[INPUT Boundary: Start]
lemma bij_betw_second_factor_edge: "bij_betw second_factor_edge second_factor_edges (pedges G2)"
proof (rule bij_betw_imageI)
  show "inj_on second_factor_edge second_factor_edges"
  proof (rule inj_onI)
    fix x y assume "x \<in> second_factor_edges" "y \<in> second_factor_edges"
      and "second_factor_edge x = second_factor_edge y"
    then show "x = y"
      by (elim second_factor_edgesE) (auto simp: out_rank_eq_iff in_rank_eq_iff dest: out_rank_eq_iff[THEN iffD1])
  qed
  show "second_factor_edge ` second_factor_edges = pedges G2"
  proof (intro equalityI subsetI)
    fix d assume "d \<in> second_factor_edge ` second_factor_edges"
    then obtain x where x: "x \<in> second_factor_edges" "d = second_factor_edge x" by blast
    from x(1) show "d \<in> pedges G2" using x(2) inputs_subset by (cases rule: second_factor_edgesE) auto
  next
    fix d assume d: "d \<in> pedges G2"
    show "d \<in> second_factor_edge ` second_factor_edges"
    proof (cases "d \<in> inputs G2")
      case True
      then obtain oe where "oe \<in> outputs G1" "out_rank oe = in_rank d"
        using output_of_rank in_rank_less by blast
      then have "Inr (oe, d) \<in> second_factor_edges" using True unfolding second_factor_edges_def by simp
      then show ?thesis by (metis second_factor_edge.simps(2) image_eqI)
    next
      case False
      then have "Inl (Inr d) \<in> second_factor_edges" using d unfolding second_factor_edges_def by simp
      then show ?thesis by (metis second_factor_edge.simps(1) image_eqI)
    qed
  qed
qed

end


context composite
begin

lemma first_factor_edge_in: "x \<in> first_factor_edges \<Longrightarrow> first_factor_edge x \<in> pedges G1"
  using bij_betw_first_factor_edge by (meson bij_betwE)

lemma second_factor_edge_in: "x \<in> second_factor_edges \<Longrightarrow> second_factor_edge x \<in> pedges G2"
  using bij_betw_second_factor_edge by (meson bij_betwE)

lemma first_factor_edge_eq_iff:
  "x \<in> first_factor_edges \<Longrightarrow> y \<in> first_factor_edges \<Longrightarrow> first_factor_edge x = first_factor_edge y \<longleftrightarrow> x = y"
  using bij_betw_first_factor_edge by (metis bij_betw_def inj_on_eq_iff)

lemma second_factor_edge_eq_iff:
  "x \<in> second_factor_edges \<Longrightarrow> y \<in> second_factor_edges \<Longrightarrow> second_factor_edge x = second_factor_edge y \<longleftrightarrow> x = y"
  using bij_betw_second_factor_edge by (metis bij_betw_def inj_on_eq_iff)

lemma first_factor_output_iff:
  "x \<in> first_factor_edges \<Longrightarrow> first_factor_edge x \<in> outputs G1 \<longleftrightarrow> key x mod 3 = 1"
  by (erule first_factor_edgesE) auto

lemma second_factor_input_iff:
  "x \<in> second_factor_edges \<Longrightarrow> second_factor_edge x \<in> inputs G2 \<longleftrightarrow> key x mod 3 = 1"
  by (erule second_factor_edgesE) auto

lemma first_factor_src: "x \<in> first_factor_edges \<Longrightarrow> psrc C x = Inl (psrc G1 (first_factor_edge x))"
  by (erule first_factor_edgesE) auto

lemma first_factor_tgt:
  "x \<in> first_factor_edges \<Longrightarrow> key x mod 3 \<noteq> 1 \<Longrightarrow> ptgt C x = Inl (ptgt G1 (first_factor_edge x))"
  by (erule first_factor_edgesE) auto

lemma second_factor_tgt: "x \<in> second_factor_edges \<Longrightarrow> ptgt C x = Inr (ptgt G2 (second_factor_edge x))"
  by (erule second_factor_edgesE) auto

lemma second_factor_src:
  "x \<in> second_factor_edges \<Longrightarrow> key x mod 3 \<noteq> 1 \<Longrightarrow> psrc C x = Inr (psrc G2 (second_factor_edge x))"
  by (erule second_factor_edgesE) auto

text \<open>How the incidences and the order of \<open>G\<^sub>1\<close> and \<open>G\<^sub>2\<close> are read off the composite: only
  at the new edges, whose outer ends were deleted, does one need the key.\<close>

lemma first_factor_src_eq_iff:
  assumes "x \<in> first_factor_edges" "y \<in> first_factor_edges"
  shows "psrc G1 (first_factor_edge x) = psrc G1 (first_factor_edge y) \<longleftrightarrow> psrc C x = psrc C y"
  using first_factor_src[OF assms(1)] first_factor_src[OF assms(2)] by simp

lemma first_factor_tgt_eq_iff:
  assumes x: "x \<in> first_factor_edges" and y: "y \<in> first_factor_edges"
  shows "ptgt G1 (first_factor_edge x) = ptgt G1 (first_factor_edge y) \<longleftrightarrow>
    (if key x mod 3 = 1 \<or> key y mod 3 = 1 then x = y else ptgt C x = ptgt C y)"
proof -
  have output_case: "ptgt G1 (first_factor_edge u) = ptgt G1 (first_factor_edge v) \<longleftrightarrow> u = v"
    if u: "u \<in> first_factor_edges" and v: "v \<in> first_factor_edges" and "key u mod 3 = 1" for u v
  proof
    assume "ptgt G1 (first_factor_edge u) = ptgt G1 (first_factor_edge v)"
    moreover have "first_factor_edge u \<in> outputs G1" using first_factor_output_iff[OF u] that(3) by simp
    ultimately have "first_factor_edge v = first_factor_edge u"
      using output_unique_at_tgt[OF progressive1 _ first_factor_edge_in[OF v]] by simp
    then show "u = v" using first_factor_edge_eq_iff[OF v u] by simp
  qed simp
  show ?thesis
  proof (cases "key x mod 3 = 1 \<or> key y mod 3 = 1")
    case True
    then show ?thesis using output_case[OF x y] output_case[OF y x] by auto
  next
    case False
    then show ?thesis using first_factor_tgt[OF x] first_factor_tgt[OF y] by simp
  qed
qed

lemma first_factor_tgt_src_iff:
  assumes x: "x \<in> first_factor_edges" and y: "y \<in> first_factor_edges"
  shows "ptgt G1 (first_factor_edge x) = psrc G1 (first_factor_edge y) \<longleftrightarrow>
    key x mod 3 \<noteq> 1 \<and> ptgt C x = psrc C y"
proof (cases "key x mod 3 = 1")
  case True
  then have "first_factor_edge x \<in> outputs G1" using first_factor_output_iff[OF x] by simp
  then show ?thesis
    using True output_tgt_no_out_edge[OF progressive1 _ first_factor_edge_in[OF y]] by metis
next
  case False
  then show ?thesis using first_factor_tgt[OF x] first_factor_src[OF y] by simp
qed

lemma first_factor_prec_iff:
  assumes x: "x \<in> first_factor_edges" and y: "y \<in> first_factor_edges"
  shows "pprec G1 (first_factor_edge x) (first_factor_edge y) \<longleftrightarrow> pprec C x y"
  using x
proof (cases rule: first_factor_edgesE)
  case (block e)
  from y show ?thesis
  proof (cases rule: first_factor_edgesE)
    case (block e')
    then show ?thesis using \<open>x = Inl (Inl e)\<close> \<open>e \<in> pedges G1\<close> out.prec_iff_rank_lex by auto
  next
    case (link oe i)
    moreover have "e \<noteq> oe" using block link by auto
    ultimately show ?thesis using block out.prec_iff_rank_le[of oe e] by auto
  qed
next
  case (link oe i)
  from y show ?thesis
  proof (cases rule: first_factor_edgesE)
    case (block e')
    then show ?thesis using link out.prec_iff_rank_less by auto
  next
    case (link oe' i')
    then show ?thesis using \<open>x = Inr (oe, i)\<close> \<open>oe \<in> outputs G1\<close> out.prec_iff_rank_less outputs_subset by auto
  qed
qed

lemma second_factor_tgt_eq_iff:
  assumes "x \<in> second_factor_edges" "y \<in> second_factor_edges"
  shows "ptgt G2 (second_factor_edge x) = ptgt G2 (second_factor_edge y) \<longleftrightarrow> ptgt C x = ptgt C y"
  using second_factor_tgt[OF assms(1)] second_factor_tgt[OF assms(2)] by simp

lemma second_factor_src_eq_iff:
  assumes x: "x \<in> second_factor_edges" and y: "y \<in> second_factor_edges"
  shows "psrc G2 (second_factor_edge x) = psrc G2 (second_factor_edge y) \<longleftrightarrow>
    (if key x mod 3 = 1 \<or> key y mod 3 = 1 then x = y else psrc C x = psrc C y)"
proof -
  have input_case: "psrc G2 (second_factor_edge u) = psrc G2 (second_factor_edge v) \<longleftrightarrow> u = v"
    if u: "u \<in> second_factor_edges" and v: "v \<in> second_factor_edges" and "key u mod 3 = 1" for u v
  proof
    assume "psrc G2 (second_factor_edge u) = psrc G2 (second_factor_edge v)"
    moreover have "second_factor_edge u \<in> inputs G2" using second_factor_input_iff[OF u] that(3) by simp
    ultimately have "second_factor_edge v = second_factor_edge u"
      using input_unique_at_src[OF progressive2 _ second_factor_edge_in[OF v]] by simp
    then show "u = v" using second_factor_edge_eq_iff[OF v u] by simp
  qed simp
  show ?thesis
  proof (cases "key x mod 3 = 1 \<or> key y mod 3 = 1")
    case True
    then show ?thesis using input_case[OF x y] input_case[OF y x] by auto
  next
    case False
    then show ?thesis using second_factor_src[OF x] second_factor_src[OF y] by simp
  qed
qed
[INPUT Boundary: End]
PROBLEM
Your answer should be the lines of the records that hold the string "open".

RESULT FOR THIS TASK
text \<open>How the incidences and the order of \<open>G\<^sub>1\<close> and \<open>G\<^sub>2\<close> are read off the composite: only
    then show ?thesis using \<open>x = Inl (Inl e)\<close> \<open>e \<in> pedges G1\<close> out.prec_iff_rank_lex by auto
    then show ?thesis using \<open>x = Inr (oe, i)\<close> \<open>oe \<in> outputs G1\<close> out.prec_iff_rank_less outputs_subset by auto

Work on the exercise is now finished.